→ Problem details
Wherever the word "close" turns up in a line of the entries, copy that line.

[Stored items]
Content starts

(* Let $S$ be a formula. Then $\mathbb{C}[D]\otimes S$, with the extended products and the operator $D$, satisfies the half Jacobi identity (i.e. is a VLA-SS) if and only if for all homogeneous $u,v,w\in S$ and all $m,n\in\mathbb{N}$ one has, in $\mathbb{C}[D]\otimes S$, $$u_m(v_nw)-\varepsilon_{u,v}v_n(u_mw)=\sum_{i\ge0}\binom{m}{i}(u_iv)_{m+n-i}w .$$
   Context: All spaces over $\mathbb{C}$; $\mathbb{N}=\{0,1,2,\dots\}$; $\varepsilon_{u,v}=(-1)^{|u||v|}$. A formula is a $\mathbb{Z}_2$-graded space $S$ with parity-preserving linear maps $F_n:S\otimes S\to\mathbb{C}[D]\otimes S$ ($n\in\mathbb{N}$; $\mathbb{C}[D]$ even) with $F_n(u,v)=0$ for $n$ large; write $u_nv=F_n(u,v)$, identify $S=1\otimes S$, $D(D^k\otimes u)=D^{k+1}\otimes u$. The products extend uniquely to bilinear products $A_nB$ ($n\in\mathbb{N}$) on $\mathbb{C}[D]\otimes S$ with $(DA)_nB=-nA_{n-1}B$ and $D(A_nB)=(DA)_nB+A_n(DB)$; explicitly $\sum_{n\ge0}(P(D)u)_n(Q(D)v)z^{-n-1}=P(\frac{d}{dz})Q(D-\frac{d}{dz})\sum_{n\ge0}(u_nv)z^{-n-1}$. A VLA-SS is a $\mathbb{Z}_2$-graded space $U$ with an even operator $D$ and bilinear products $u_nv$ ($n\in\mathbb{N}$) such that for homogeneous $u,v,w$: $u_nv=0$ for $n$ large; $|u_nv|=|u|+|v|$; $(Du)_nv=-nu_{n-1}v$ and $D(u_nv)=(Du)_nv+u_n(Dv)$; and the half Jacobi identity: for all $k,m,n\in\mathbb{N}$, $\sum_{i\ge0}(-1)^i\binom{k}{i}(u_{m+k-i}(v_{n+i}w)-\varepsilon_{u,v}(-1)^kv_{n+k-i}(u_{m+i}w))=\sum_{i\ge0}\binom{m}{i}(u_{k+i}v)_{m+n-i}w$. *)

theory Defs
  imports Complex_Main "HOL-Library.Function_Algebras"
begin

text \<open>Parity is encoded by bool: False = even, True = odd.
  The sign epsilon_{u,v} = (-1)^{|u||v|}.\<close>

definition eps :: "bool \<Rightarrow> bool \<Rightarrow> complex" where
  "eps p q = (if p \<and> q then -1 else 1)"

definition graded_space ::
  "(complex \<Rightarrow> 'b::ab_group_add \<Rightarrow> 'b) \<Rightarrow> 'b set \<Rightarrow> (bool \<Rightarrow> 'b set) \<Rightarrow> bool" where
  "graded_space sc U Upar \<longleftrightarrow>
     vector_space sc \<and> module.subspace sc U \<and>
     (\<forall>p. module.subspace sc (Upar p) \<and> Upar p \<subseteq> U) \<and>
     Upar False \<inter> Upar True = {0} \<and>
     (\<forall>x\<in>U. \<exists>a\<in>Upar False. \<exists>b\<in>Upar True. x = a + b)"

definition VLA_SS ::
  "(complex \<Rightarrow> 'b::ab_group_add \<Rightarrow> 'b) \<Rightarrow> 'b set \<Rightarrow> (bool \<Rightarrow> 'b set) \<Rightarrow>
   ('b \<Rightarrow> 'b) \<Rightarrow> ('b \<Rightarrow> nat \<Rightarrow> 'b \<Rightarrow> 'b) \<Rightarrow> bool" where
  "VLA_SS sc U Upar D pr \<longleftrightarrow>
     graded_space sc U Upar \<and>
     \<comment> \<open>D is an even linear operator on U\<close>
     (\<forall>x\<in>U. \<forall>y\<in>U. D (x + y) = D x + D y) \<and>
     (\<forall>c. \<forall>x\<in>U. D (sc c x) = sc c (D x)) \<and>
     (\<forall>p. \<forall>x\<in>Upar p. D x \<in> Upar p) \<and>
     \<comment> \<open>the products are bilinear maps U x U -> U\<close>
     (\<forall>n. \<forall>x\<in>U. \<forall>y\<in>U. pr x n y \<in> U) \<and>
     (\<forall>n. \<forall>x\<in>U. \<forall>x'\<in>U. \<forall>y\<in>U. pr (x + x') n y = pr x n y + pr x' n y) \<and>
     (\<forall>n. \<forall>x\<in>U. \<forall>y\<in>U. \<forall>y'\<in>U. pr x n (y + y') = pr x n y + pr x n y') \<and>
     (\<forall>n c. \<forall>x\<in>U. \<forall>y\<in>U. pr (sc c x) n y = sc c (pr x n y)) \<and>
     (\<forall>n c. \<forall>x\<in>U. \<forall>y\<in>U. pr x n (sc c y) = sc c (pr x n y)) \<and>
     \<comment> \<open>axioms for homogeneous elements\<close>
     (\<forall>p q r. \<forall>u\<in>Upar p. \<forall>v\<in>Upar q. \<forall>w\<in>Upar r.
        (\<exists>N. \<forall>n\<ge>N. pr u n v = 0) \<and>
        (\<forall>n. pr u n v \<in> Upar (p \<noteq> q)) \<and>
        (\<forall>n. pr (D u) n v = sc (- of_nat n) (pr u (n - 1) v)) \<and>
        (\<forall>n. D (pr u n v) = pr (D u) n v + pr u n (D v)) \<and>
        (\<forall>k m n.
           (\<Sum>i\<le>k. sc ((-1) ^ i * of_nat (k choose i))
              (pr u (m + k - i) (pr v (n + i) w)
               - sc (eps p q * (-1) ^ k) (pr v (n + k - i) (pr u (m + i) w))))
           = (\<Sum>i\<le>m. sc (of_nat (m choose i)) (pr (pr u (k + i) v) (m + n - i) w))))"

Content ends

→ Answer to this exercise
  The sign epsilon_{u,v} = (-1)^{|u||v|}.\<close>
     \<comment> \<open>D is an even linear operator on U\<close>
     \<comment> \<open>the products are bilinear maps U x U -> U\<close>
     \<comment> \<open>axioms for homogeneous elements\<close>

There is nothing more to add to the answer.